Une nouvelle session de réflexion stratégique à Djamdè
Le gouvernement togolais a ouvert, le 11 juin à Djamdè dans la préfecture de la Kozah, son deuxième séminaire gouvernemental de l’année. Cette rencontre de deux jours rassemble les membres de l’exécutif autour des grandes orientations qui doivent guider le développement économique et social du pays au cours des prochaines années.
Présidés par le Président du Conseil, Faure Essozimna Gnassingbé, les travaux portent principalement sur les stratégies à mettre en place pour renforcer la croissance économique, améliorer les conditions de vie des populations et réduire durablement la pauvreté.
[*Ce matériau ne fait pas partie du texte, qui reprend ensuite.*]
text \<open>Surjectivity onto \<open>W\<close> by descending induction on the order of \<open>w\<close>: subtracting a multiple
  of \<open>G z^N\<close> kills the leading coefficient, and an element of \<open>W \<inter> H_-\<close> is zero.\<close>
lemma dressing_image_cover:
  assumes G: "dressing G"
  shows "w \<in> W \<Longrightarrow> val_ge w (1 - int N) \<Longrightarrow> w \<in> op_apply G ` Hplus"
proof (induction N arbitrary: w)
  case 0
  then have "w = 0" using W_Hminus_eq_0 Hminus_iff_val_ge by simp
  then show ?case using zH_pow_in_Hplus[of 0] op_apply_0 Hplus_const_mult[of _ 0] by force
next
  case (Suc N)
  define a where "a = w $$ (- int N)"
  define w' where "w' = w - fls_const a * op_apply G (zH ^ N)"
  have "w' \<in> W" unfolding w'_def
    using Suc.prems(1) G unfolding dressing_def by (intro diff_in_W const_mult_in_W) auto
  moreover have "val_ge w' (1 - int N)"
    unfolding val_ge_def
  proof (intro allI impI)
    fix k assume "k < 1 - int N"
    then consider "k = - int N" | "k < - int N" by linarith
    then show "w' $$ k = 0"
      using Suc.prems(2) dressing_apply_zH_pow_leading[OF G, of N]
      unfolding w'_def a_def val_ge_def by cases auto
  qed
  ultimately obtain p' where p': "p' \<in> Hplus" "op_apply G p' = w'" using Suc.IH by blast
  obtain c where c: "val_ge p' c" "val_ge (fls_const a * zH ^ N) c" using val_ge_common by blast
  have G0: "op_val_ge G 0" by (rule dressing_op_val_ge[OF G])
  have "op_apply G (p' + fls_const a * zH ^ N) = w"
    using op_apply_const_mult[OF G0 val_ge_zH_pow val_ge_zH_pow, where x = a]
    unfolding op_apply_add[OF G0 c] p'(2) w'_def by simp
  moreover have "p' + fls_const a * zH ^ N \<in> Hplus"
    by (intro Hplus_add Hplus_const_mult p'(1) zH_pow_in_Hplus)
  ultimately show ?case by blast
qed

lemma dressing_image: "dressing G \<Longrightarrow> op_apply G ` Hplus = W"
proof (intro equalityI subsetI)
  fix w assume "dressing G" "w \<in> W"
  moreover have "val_ge w (1 - int (nat (1 - fls_subdegree w)))"
    by (rule val_ge_mono[OF val_ge_subdegree]) simp
  ultimately show "w \<in> op_apply G ` Hplus" by (rule dressing_image_cover)
qed (auto intro: dressing_apply_Hplus)

lemma dressing_unique:
  assumes G: "dressing G" and G': "dressing G'"
  shows "G = G'"
proof
  fix n show "G n = G' n"
  proof (induction n rule: less_induct)
    case (less n)
    define d where "d = op_apply G (zH ^ n) - op_apply G' (zH ^ n)"
    have "op_apply_below G n = op_apply_below G' n" using less by (intro op_apply_below_cong)
    then have d_eq: "d = fls_const (zderiv_factor n 0) * (G n - G' n)"
      unfolding d_def op_apply_zH_pow by (simp add: algebra_simps)
    have "G n - G' n = op_sub G op_one n - op_sub G' op_one n" by (simp add: op_sub_def)
    then have "G n - G' n \<in> Hminus"
      using G G' unfolding dressing_def Dminus_def by (auto intro: Hminus_diff)
    then have "d \<in> Hminus" unfolding d_eq by (rule Hminus_const_mult)
    moreover have "d \<in> W" using G G' unfolding d_def dressing_def by (auto intro: diff_in_W)
    ultimately have "d = 0" by (rule W_Hminus_eq_0[rotated])
    then show "G n = G' n" unfolding d_eq using const_zderiv_factor_nonzero by simp
  qed
qed

lemma satoG_eqI: "dressing G \<Longrightarrow> satoG W = G"
  unfolding satoG_def
proof (rule the_equality)
  fix G' assume "dressing G" "op_sub G' op_one \<in> Dminus \<and> W = op_apply G' ` Hplus"
  then show "G' = G"
    using dressing_unique zH_pow_in_Hplus unfolding dressing_def by blast
qed (auto simp: dressing_def dressing_image)

lemma wavePsi_eq: "dressing G \<Longrightarrow> wavePsi W = G 0"
  unfolding wavePsi_def
proof (rule the_equality)
  assume G: "dressing G"
  have "op_apply G (zH ^ 0) = G 0" using op_apply_zH_pow[of G 0] by (simp add: op_apply_below_def)
  then have "G 0 \<in> W" using G unfolding dressing_def by metis
  moreover have "G 0 - 1 \<in> Hminus"
    using G unfolding dressing_def Dminus_def op_sub_def op_one_def by (auto dest: spec[of _ 0])
  ultimately show "G 0 \<in> W \<and> G 0 - 1 \<in> Hminus" ..
  fix psi assume "psi \<in> W \<and> psi - 1 \<in> Hminus"
  with \<open>G 0 \<in> W\<close> \<open>G 0 - 1 \<in> Hminus\<close> have "psi - G 0 \<in> W \<inter> Hminus"
    using diff_in_W Hminus_diff[of "psi - 1" "G 0 - 1"] by auto
  then show "psi = G 0" using W_Hminus_eq_0[of "psi - G 0"] by simp
qed

text \<open>Existence in Sato's theorem: \<open>G n\<close> is chosen so that \<open>G z^n\<close> is the element of \<open>W\<close>
  over \<open>\<pi>\<^sub>+\<close> of its part already fixed by \<open>G 0, \<dots>, G (n - 1)\<close> (plus \<open>1\<close> when \<open>n = 0\<close>).\<close>
definition sato_step :: "DOp \<Rightarrow> nat \<Rightarrow> H" where
  "sato_step G n = fls_const (1 / zderiv_factor n 0) *
     (lift (piplus (op_apply_below G n) + op_one n) - op_apply_below G n)"

definition sato_op :: DOp where
  "sato_op = wfrec less_than sato_step"

lemma sato_op_step: "sato_op n = sato_step sato_op n"
proof -
  have "adm_wf less_than sato_step"
    unfolding adm_wf_def
  proof (intro allI impI)
    fix F G :: DOp and n assume "\<forall>m. (m, n) \<in> less_than \<longrightarrow> F m = G m"
    then have "op_apply_below F n = op_apply_below G n" by (intro op_apply_below_cong) simp
    then show "sato_step F n = sato_step G n" unfolding sato_step_def by simp
  qed
  then show ?thesis unfolding sato_op_def by (subst wfrec_fixpoint) auto
qed

lemma sato_op_apply_zH_pow:
  "op_apply sato_op (zH ^ n) = lift (piplus (op_apply_below sato_op n) + op_one n)"
proof -
  have cancel: "fls_const (1 / zderiv_factor n 0) * X * fls_const (zderiv_factor n 0) = (X :: H)" for X
    using zderiv_factor_nonzero[of 0 n]
    by (simp add: mult.commute mult.left_commute fls_const_mult_const[symmetric])
  show ?thesis unfolding op_apply_zH_pow sato_op_step[of n] sato_step_def cancel by simp
qed

lemma dressing_sato_op: "dressing sato_op"
  unfolding dressing_def Dminus_def
proof (intro conjI allI CollectI)
  define S where "S n = op_apply_below sato_op n" for n
  have lift_S: "lift (piplus (S n) + op_one n) \<in> W \<and> piplus (lift (piplus (S n) + op_one n)) = piplus (S n) + op_one n" for n
    using Hplus_add[OF piplus_in_Hplus op_one_in_Hplus] by (simp add: lift_in_W piplus_lift)
  then show "op_apply sato_op (zH ^ n) \<in> W" for n
    unfolding sato_op_apply_zH_pow S_def by simp
  fix n
  have "fls_const (1 / zderiv_factor n 0) * op_one n = op_one n"
    by (simp add: op_one_def)
  then have "piplus (sato_op n) = op_one n"
    using lift_S[of n] unfolding sato_op_step[of n] sato_step_def S_def[symmetric]
    by (simp add: piplus_const_mult piplus_diff)
  then show "op_sub sato_op op_one n \<in> Hminus"
    unfolding piplus_eq_0_iff[symmetric] op_sub_def
    by (simp add: piplus_diff piplus_Hplus[OF op_one_in_Hplus])
qed

lemma dressing_satoG: "dressing (satoG W)"
  using satoG_eqI[OF dressing_sato_op] dressing_sato_op by simp

end

section \<open>Inverses in \<open>1 + D\<^sub>-\<close>\<close>

locale unipotent_op =
  fixes G :: DOp
  assumes G_Dminus: "op_sub G op_one \<in> Dminus"
begin

abbreviation T :: DOp where "T \<equiv> op_sub G op_one"
(* Let $Y\subset\mathbb{R}^n$ be open, and let $\omega\colon Y\to\mathbb{R}^n$, $f\colon Y\to\mathbb{R}^n$, $F\colon Y\to\mathbb{R}$, $H\colon Y\to\mathbb{R}^{n\times m}$, $g\colon Y\to\mathbb{R}^m$, $g^{\mathrm{num}}\colon Y\times Y\to\mathbb{R}^m$, $f^{\mathrm{num}}\colon Y\times Y\to\mathbb{R}^n$ be arbitrary with $f^{\mathrm{num}}(u,u)=f(u)$, $g^{\mathrm{num}}(u,u)=g(u)$. Then the following are equivalent: (A) there exists $F^{\mathrm{num}}\colon Y\times Y\to\mathbb{R}$ with $F^{\mathrm{num}}(u,u)=F(u)$ such that for all $u_-,u_0,u_+\in Y$, $$\omega(u_0)\cdot\Big(f^{\mathrm{num}}(u_0,u_+)-f^{\mathrm{num}}(u_-,u_0)+H(u_0)g^{\mathrm{num}}(u_0,u_+)-H(u_0)g^{\mathrm{num}}(u_-,u_0)\Big)\ \ge\ F^{\mathrm{num}}(u_0,u_+)-F^{\mathrm{num}}(u_-,u_0);$$ (B) for all $u_-,u_+\in Y$, $$[\![\omega]\!]\cdot f^{\mathrm{num}}(u_-,u_+)+[\![\omega\cdot H]\!]\,g^{\mathrm{num}}(u_-,u_+)-[\![\omega\cdot Hg]\!]\ \le\ [\![\omega\cdot f-F]\!].$$ Moreover, there exists a consistent $F^{\mathrm{num}}$ with equality in (A) for all triples iff (B) holds with equality for all pairs, and then $$F^{\mathrm{num}}=\{\{F\}\}+\{\{\omega\}\}\cdot f^{\mathrm{num}}-\{\{\omega\cdot f\}\}-\{\{\omega\cdot Hg\}\}+\{\{\omega\cdot H\}\}\,g^{\mathrm{num}}.$$
   Context: For a function $a$ on $Y$ and states $u_\pm$: $\{\{a\}\}=\tfrac12(a(u_-)+a(u_+))$, $[\![a]\!]=a(u_+)-a(u_-)$; $\omega\cdot H=\omega^TH\in\mathbb{R}^{1\times m}$ and $\omega\cdot Hg=\omega^THg\in\mathbb{R}$; numerical fluxes are evaluated at $(u_-,u_+)$. *)

theory Defs
  imports "HOL-Analysis.Analysis"
begin

definition avg :: "('a \<Rightarrow> 'b::real_vector) \<Rightarrow> 'a \<Rightarrow> 'a \<Rightarrow> 'b" where
  "avg a um up = (1/2) *\<^sub>R (a um + a up)"

definition jump :: "('a \<Rightarrow> 'b::real_vector) \<Rightarrow> 'a \<Rightarrow> 'a \<Rightarrow> 'b" where
  "jump a um up = a up - a um"

end
(* Let $s$ be a positive integer. There exists a linear $(2,s-1,s,2)$-AONT if and only if $s\ge4$.
   Context: For integers $1\le t_i\le t_o\le s$, a linear $(t_i,t_o,s,q)$-AONT is given by an invertible $s\times s$ matrix $M$ over $\mathbb{F}_q$ defining the map $\mathbf{x}\mapsto\mathbf{y}=\mathbf{x}M^{-1}$ on row vectors of $\mathbb{F}_q^s$, such that for every set $I$ of $t_i$ input coordinates and every set $J$ of $s-t_o$ output coordinates, the pair $((x_i)_{i\in I},(y_j)_{j\in J})$ takes every value in $\mathbb{F}_q^{t_i+s-t_o}$ equally often as $\mathbf{x}$ ranges over $\mathbb{F}_q^s$. Equivalently, $M$ is invertible and every $t_o\times t_i$ submatrix of $M$ has rank $t_i$. (Such an object requires $t_i\le t_o$, so none exists with $t_i=2>t_o=s-1$.) *)

theory Defs
  imports "HOL-Analysis.Analysis"
begin

text \<open>Linear (t_i, t_o, s, q)-AONT over the finite field 'a (q = CARD('a)),
  with s = CARD('n).  The invertible matrix M defines the map x \<mapsto> y = x M^{-1}
  on row vectors.\<close>

definition linear_AONT :: "nat \<Rightarrow> nat \<Rightarrow> ('a::{field,finite})^'n^'n \<Rightarrow> bool" where
  "linear_AONT ti to M \<longleftrightarrow>
     1 \<le> ti \<and> ti \<le> to \<and> to \<le> CARD('n) \<and> invertible M \<and>
     (\<forall>I J. card I = ti \<longrightarrow> card J = CARD('n) - to \<longrightarrow>
        (\<forall>a\<in>I \<rightarrow>\<^sub>E (UNIV::'a set). \<forall>b\<in>J \<rightarrow>\<^sub>E (UNIV::'a set).
         \<forall>a'\<in>I \<rightarrow>\<^sub>E (UNIV::'a set). \<forall>b'\<in>J \<rightarrow>\<^sub>E (UNIV::'a set).
           card {x::'a^'n. restrict (\<lambda>i. x $ i) I = a \<and>
                            restrict (\<lambda>j. (x v* matrix_inv M) $ j) J = b}
         = card {x::'a^'n. restrict (\<lambda>i. x $ i) I = a' \<and>
                            restrict (\<lambda>j. (x v* matrix_inv M) $ j) J = b'}))"

end

theory Submission imports Defs begin

text \<open>Since t_o = s - 1, the output set J is a single coordinate j, and with N = M^{-1} the
  pair (x_I, y_j) is equidistributed exactly when the linear form y_j = \<Sum>_k x_k N_kj is not a
  function of x_I, i.e. when column j of N has a nonzero entry outside I.  For s = 3 and q = 2,
  taking I to be the complement of a single row k shows that every entry of N is 1, so N has
  identical rows and is singular.  For s \<ge> 4, the all-ones matrix with all diagonal entries but
  one cleared is invertible and has at most one zero per column, so it meets the condition.\<close>

lemma matrix_mul_matrix_inv:
  fixes A :: "'a::field^'n^'n"
  assumes "invertible A"
  shows "A ** matrix_inv A = mat 1 \<and> matrix_inv A ** A = mat 1"
  using assms unfolding invertible_def matrix_inv_def by (rule someI_ex)

lemma invertible_matrix_inv:
  fixes A :: "'a::field^'n^'n"
  assumes "invertible A"
  shows "invertible (matrix_inv A)"
  using matrix_mul_matrix_inv[OF assms] unfolding invertible_def by blast

lemma matrix_inv_matrix_inv:
  fixes A :: "'a::field^'n^'n"
  assumes "invertible A"
  shows "matrix_inv (matrix_inv A) = A"
  using matrix_mul_matrix_inv[OF assms] matrix_mul_matrix_inv[OF invertible_matrix_inv[OF assms]]
  by (metis matrix_mul_assoc matrix_mul_lid matrix_mul_rid)

definition aont_fibre ::
    "'n set \<Rightarrow> 'm set \<Rightarrow> 'a::semiring_1^'m^'n \<Rightarrow> ('n \<Rightarrow> 'a) \<Rightarrow> ('m \<Rightarrow> 'a) \<Rightarrow> ('a^'n) set" where
  "aont_fibre I J N a b = {x. restrict (\<lambda>i. x $ i) I = a \<and> restrict (\<lambda>j. (x v* N) $ j) J = b}"

lemma card_aont_fibre_eq:
  fixes N :: "'a::ring_1^'m^'n"
  assumes z: "z \<in> aont_fibre I J N a b" and z': "z' \<in> aont_fibre I J N a' b'"
  shows "card (aont_fibre I J N a b) = card (aont_fibre I J N a' b')"
proof -
  have fibre_eq: "aont_fibre I J N (restrict (\<lambda>i. y $ i) I) (restrict (\<lambda>j. (y v* N) $ j) J)
      = {x. (\<forall>i\<in>I. x $ i = y $ i) \<and> (\<forall>j\<in>J. (x v* N) $ j = (y v* N) $ j)}" for y
    by (auto simp: aont_fibre_def fun_eq_iff restrict_def)
  have "a = restrict (\<lambda>i. z $ i) I" "b = restrict (\<lambda>j. (z v* N) $ j) J"
       "a' = restrict (\<lambda>i. z' $ i) I" "b' = restrict (\<lambda>j. (z' v* N) $ j) J"
    using z z' by (auto simp: aont_fibre_def)
  moreover have "bij_betw (\<lambda>x. x - z + z')
      {x. (\<forall>i\<in>I. x $ i = z $ i) \<and> (\<forall>j\<in>J. (x v* N) $ j = (z v* N) $ j)}
      {x. (\<forall>i\<in>I. x $ i = z' $ i) \<and> (\<forall>j\<in>J. (x v* N) $ j = (z' v* N) $ j)}"
    by (rule bij_betw_byWitness[where f' = "\<lambda>x. x - z' + z"]) (auto simp: algebra_simps)
  ultimately show ?thesis
    using bij_betw_same_card by (simp add: fibre_eq)
qed

lemma linear_AONT_column_support:
  fixes M :: "'a::{field,finite}^'n^'n"
  assumes aont: "linear_AONT ti (CARD('n) - 1) M" and I: "card I = ti"
  shows "\<exists>k. k \<notin> I \<and> matrix_inv M $ k $ j \<noteq> 0"
proof (rule ccontr)
  assume "\<not> ?thesis"
  then have vanish: "matrix_inv M $ k $ j = 0" if "k \<notin> I" for k
    using that by blast
  define a where "a = restrict (\<lambda>_. 0::'a) I"
  define b where "b b0 = restrict (\<lambda>_. b0::'a) {j}" for b0
  have "card (aont_fibre I {j} (matrix_inv M) a (b 0))
      = card (aont_fibre I {j} (matrix_inv M) a (b 1))"
    using aont I unfolding linear_AONT_def aont_fibre_def[symmetric]
    by (auto simp: a_def b_def)
  moreover have "0 \<in> aont_fibre I {j} (matrix_inv M) a (b 0)"
    by (auto simp: aont_fibre_def a_def b_def)
  moreover have "aont_fibre I {j} (matrix_inv M) a (b 1) = {}"
  proof -
    have "(x v* matrix_inv M) $ j = 0" if "\<forall>i\<in>I. x $ i = 0" for x :: "'a^'n"
      using that vanish by (auto simp: vector_matrix_mult_def intro!: sum.neutral)
    then show ?thesis
      by (auto simp: aont_fibre_def a_def b_def fun_eq_iff restrict_def split: if_splits)
        (metis zero_neq_one)
  qed
  ultimately show False
    by (metis card_0_eq empty_iff finite)
qed

lemma ex_vec_with_coords_and_product_entry:
  fixes N :: "'a::field^'m^'n"
  assumes "k \<notin> I" and "N $ k $ j \<noteq> 0"
  shows "\<exists>z. (\<forall>i\<in>I. z $ i = a i) \<and> (z v* N) $ j = c"
proof -
  define t where "t = (c - (\<Sum>i\<in>I. a i * N $ i $ j)) / N $ k $ j"
  define z :: "'a^'n" where "z = (\<chi> i. if i \<in> I then a i else if i = k then t else 0)"
  have "(z v* N) $ j
      = (\<Sum>i\<in>UNIV. if i \<in> I then a i * N $ i $ j else if i = k then t * N $ i $ j else 0)"
    unfolding z_def vector_matrix_mult_def by (auto intro: sum.cong)
  also have "\<dots> = (\<Sum>i\<in>I. a i * N $ i $ j) + (\<Sum>i\<in>UNIV - I. if i = k then t * N $ i $ j else 0)"
    by (simp add: sum.If_cases Int_absorb1 Diff_eq)
  also have "\<dots> = c"
    using assms by (simp add: sum.delta t_def)
  finally have "(z v* N) $ j = c" .
  moreover have "\<forall>i\<in>I. z $ i = a i"
    by (simp add: z_def)
  ultimately show ?thesis
    by blast
qed

lemma linear_AONT_if_column_support:
  fixes M :: "'a::{field,finite}^'n^'n"
  assumes "1 \<le> ti" "ti \<le> CARD('n) - 1" "invertible M"
    and support: "\<And>I j. card I = ti \<Longrightarrow> \<exists>k. k \<notin> I \<and> matrix_inv M $ k $ j \<noteq> 0"
  shows "linear_AONT ti (CARD('n) - 1) M"
  unfolding linear_AONT_def aont_fibre_def[symmetric]
proof (intro conjI allI impI ballI)
  fix I J :: "'n set" and a b a' b'
  assume I: "card I = ti" and "card J = CARD('n) - (CARD('n) - 1)"
  then have "card J = 1"
    by (simp add: Suc_leI)
  then obtain j where J: "J = {j}"
    by (rule card_1_singletonE)
  obtain k where "k \<notin> I" "matrix_inv M $ k $ j \<noteq> 0"
    using support[OF I] by blast
  note solvable = ex_vec_with_coords_and_product_entry[OF this]
  have nonempty: "\<exists>z. z \<in> aont_fibre I J (matrix_inv M) a b"
    if "a \<in> I \<rightarrow>\<^sub>E (UNIV::'a set)" "b \<in> J \<rightarrow>\<^sub>E (UNIV::'a set)" for a b
    using solvable[of a "b j"] that
    by (auto simp: aont_fibre_def J fun_eq_iff PiE_iff extensional_def)
  assume "a \<in> I \<rightarrow>\<^sub>E (UNIV::'a set)" "b \<in> J \<rightarrow>\<^sub>E (UNIV::'a set)"
    "a' \<in> I \<rightarrow>\<^sub>E (UNIV::'a set)" "b' \<in> J \<rightarrow>\<^sub>E (UNIV::'a set)"
  with nonempty
  show "card (aont_fibre I J (matrix_inv M) a b) = card (aont_fibre I J (matrix_inv M) a' b')"
    by (metis card_aont_fibre_eq)
qed (use assms in auto)

lemma eq_one_if_nonzero_card_2:
  fixes x :: "'a::{field,finite}"
  assumes "CARD('a) = 2" and "x \<noteq> 0"
  shows "x = 1"
proof -
  have "card {0::'a, 1} = CARD('a)"
    using assms(1) by simp
  then have "(UNIV::'a set) = {0, 1}"
    by (metis card_subset_eq finite subset_UNIV)
  then show ?thesis
    using assms(2) by auto
qed

lemma no_binary_linear_AONT_full:
  fixes M :: "'a::{field,finite}^'n^'n"
  assumes q: "CARD('a) = 2" and s: "2 \<le> CARD('n)"
  shows "\<not> linear_AONT (CARD('n) - 1) (CARD('n) - 1) M"
proof
  assume aont: "linear_AONT (CARD('n) - 1) (CARD('n) - 1) M"
  have ones: "matrix_inv M $ k $ j = 1" for k j
  proof -
    have "card (- {k}) = CARD('n) - 1"
      by (simp add: Compl_eq_Diff_UNIV card_Diff_singleton)
    then have "matrix_inv M $ k $ j \<noteq> 0"
      using linear_AONT_column_support[OF aont] by fastforce
    then show ?thesis
      using eq_one_if_nonzero_card_2[OF q] by blast
  qed
  obtain u v :: 'n where "u \<noteq> v"
    using s by (metis card_2_iff' card_le_Suc0_iff_eq finite not_less_eq_eq numeral_2_eq_2)
  moreover have "row u (matrix_inv M) = row v (matrix_inv M)"
    by (simp add: row_def ones)
  ultimately have "det (matrix_inv M) = 0"
    by (rule det_identical_rows)
  moreover have "invertible M"
    using aont by (simp add: linear_AONT_def)
  ultimately show False
    using invertible_matrix_inv invertible_det_nz by blast
qed

lemma invertible_ones_except_diagonal:
  fixes p :: "'n::finite"
  shows "invertible (\<chi> i k. if i = k \<and> i \<noteq> p then 0 else 1 :: 'a::field^'n^'n)"
    (is "invertible ?N")
proof -
  have "x = 0" if x: "?N *v x = 0" for x :: "'a^'n"
  proof -
    define S where "S = (\<Sum>k\<in>UNIV. x $ k)"
    have row_eq: "(?N *v x) $ i = S - (if i \<noteq> p then x $ i else 0)" for i
    proof -
      have "(?N *v x) $ i = (\<Sum>k\<in>UNIV. x $ k - (if k = i \<and> i \<noteq> p then x $ k else 0))"
        unfolding matrix_vector_mult_def by (auto intro!: sum.cong)
      also have "\<dots> = S - (if i \<noteq> p then x $ i else 0)"
        unfolding S_def by (simp add: sum_subtractf sum.delta)
      finally show ?thesis .
    qed
    have "S = 0"
      using row_eq[of p] x by simp
    then have off_p: "x $ i = 0" if "i \<noteq> p" for i
      using row_eq[of i] x that by simp
    then have "S = x $ p"
      unfolding S_def by (simp add: sum.delta' sum.neutral[of "- {p}"] sum.remove[of UNIV p])
    then show "x = 0"
      using \<open>S = 0\<close> off_p by (metis vec_eq_iff zero_index)
  qed
  then show ?thesis
    using matrix_left_invertible_ker invertible_left_inverse by blast
qed

lemma linear_AONT_exists:
  assumes "1 \<le> ti" and "ti + 2 \<le> CARD('n)"
  shows "\<exists>M :: 'a::{field,finite}^'n^'n. linear_AONT ti (CARD('n) - 1) M"
proof -
  fix p :: 'n
  define N :: "'a^'n^'n" where "N = (\<chi> i k. if i = k \<and> i \<noteq> p then 0 else 1)"
  have N: "invertible N"
    unfolding N_def by (rule invertible_ones_except_diagonal)
  have "\<exists>k. k \<notin> I \<and> N $ k $ j \<noteq> 0" if "card I = ti" for I j
  proof -
    have "card (I \<union> {j}) < CARD('n)"
      using card_Un_le[of I "{j}"] that assms(2) by simp
    then obtain k where "k \<notin> I \<union> {j}"
      by (metis UNIV_I card_mono finite leD subsetI)
    then show ?thesis
      by (auto simp: N_def)
  qed
  then have "linear_AONT ti (CARD('n) - 1) (matrix_inv N)"
    using assms N
    by (intro linear_AONT_if_column_support) (auto simp: invertible_matrix_inv matrix_inv_matrix_inv)
  then show ?thesis ..
qed

theorem mainTheorem15:
  assumes "CARD('a::{field,finite}) = 2"
  shows "(\<exists>M :: 'a^'n::finite^'n. linear_AONT 2 (CARD('n) - 1) M) \<longleftrightarrow> CARD('n) \<ge> 4"
proof
  assume "\<exists>M :: 'a^'n::finite^'n. linear_AONT 2 (CARD('n) - 1) M"
  then obtain M :: "'a^'n^'n" where M: "linear_AONT 2 (CARD('n) - 1) M" ..
  then have "2 \<le> CARD('n) - 1"
    unfolding linear_AONT_def by blast
  moreover have "CARD('n) \<noteq> 3"
    using no_binary_linear_AONT_full[OF assms, of M] M by auto
  ultimately show "4 \<le> CARD('n)"
    by linarith
next
  assume "4 \<le> CARD('n)"
  then show "\<exists>M :: 'a^'n::finite^'n. linear_AONT 2 (CARD('n) - 1) M"
    by (intro linear_AONT_exists) simp_all
qed

end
L’objectif est également de finaliser les grandes lignes de la feuille de route gouvernementale 2026-2031 qui définira les principales priorités de l’action publique pour les années à venir.
Doubler le niveau de vie des populations
Parmi les ambitions affichées figure la volonté de doubler le niveau de vie moyen des Togolais d’ici à 2040.
Les autorités souhaitent également faire reculer fortement la pauvreté et ramener son incidence à moins de 15 % sur l’ensemble du territoire national.
Ces objectifs traduisent la volonté du gouvernement de créer une croissance plus inclusive, capable d’améliorer concrètement les conditions de vie des populations et de favoriser un développement plus équilibré.
Selon les responsables, cette ambition nécessitera des réformes profondes ainsi qu’une mobilisation importante des ressources publiques et privées.
Une feuille de route tournée vers les résultats
Les échanges engagés pendant ce séminaire visent à renforcer la cohérence des politiques publiques et à identifier les actions les plus efficaces pour atteindre les objectifs fixés.
L’accent est mis sur la nécessité de transformer les grandes orientations en projets concrets, financés et suivis de manière rigoureuse.
Le gouvernement entend également définir des responsabilités précises pour chaque secteur afin d’assurer une meilleure coordination de l’action publique et une évaluation régulière des résultats obtenus.
L’idée est de faire en sorte que les politiques publiques produisent des effets visibles et mesurables pour les citoyens.
Une approche globale du développement
Les autorités défendent une vision intégrée du développement dans laquelle plusieurs secteurs doivent évoluer simultanément.
L’agriculture, les infrastructures, l’énergie, la formation, l’investissement privé et le financement sont considérés comme des leviers complémentaires qui doivent être développés ensemble pour produire des résultats durables.
Cette approche vise à renforcer les capacités de production du pays, créer davantage d’emplois et améliorer les opportunités économiques dans toutes les régions.
Le gouvernement estime qu’aucun secteur ne peut, à lui seul, porter durablement la transformation économique du pays.
Des expériences internationales mises à contribution
Pour nourrir les réflexions, les participants s’appuient sur plusieurs études et diagnostics réalisés avec l’appui de partenaires internationaux.
Les expériences réussies de différents pays ayant connu une forte transformation économique sont également examinées afin d’identifier les bonnes pratiques pouvant être adaptées au contexte togolais.
Cette démarche vise à construire une stratégie réaliste, fondée sur des analyses concrètes et sur les enseignements tirés d’autres expériences de développement.
Une vision inscrite dans la continuité des réformes
Ce deuxième séminaire gouvernemental s’inscrit dans la continuité des travaux engagés lors de la précédente session organisée en avril.
Il participe également à la mise en œuvre de la vision gouvernementale articulée autour du triptyque « Rassembler, Protéger et Transformer », présenté comme le socle des politiques publiques et des grandes réformes engagées par les autorités.
À travers cette nouvelle phase de réflexion, le gouvernement entend poser les bases d’une croissance durable, favoriser la création d’emplois et renforcer les actions destinées à améliorer le bien-être des populations à l’horizon 2040.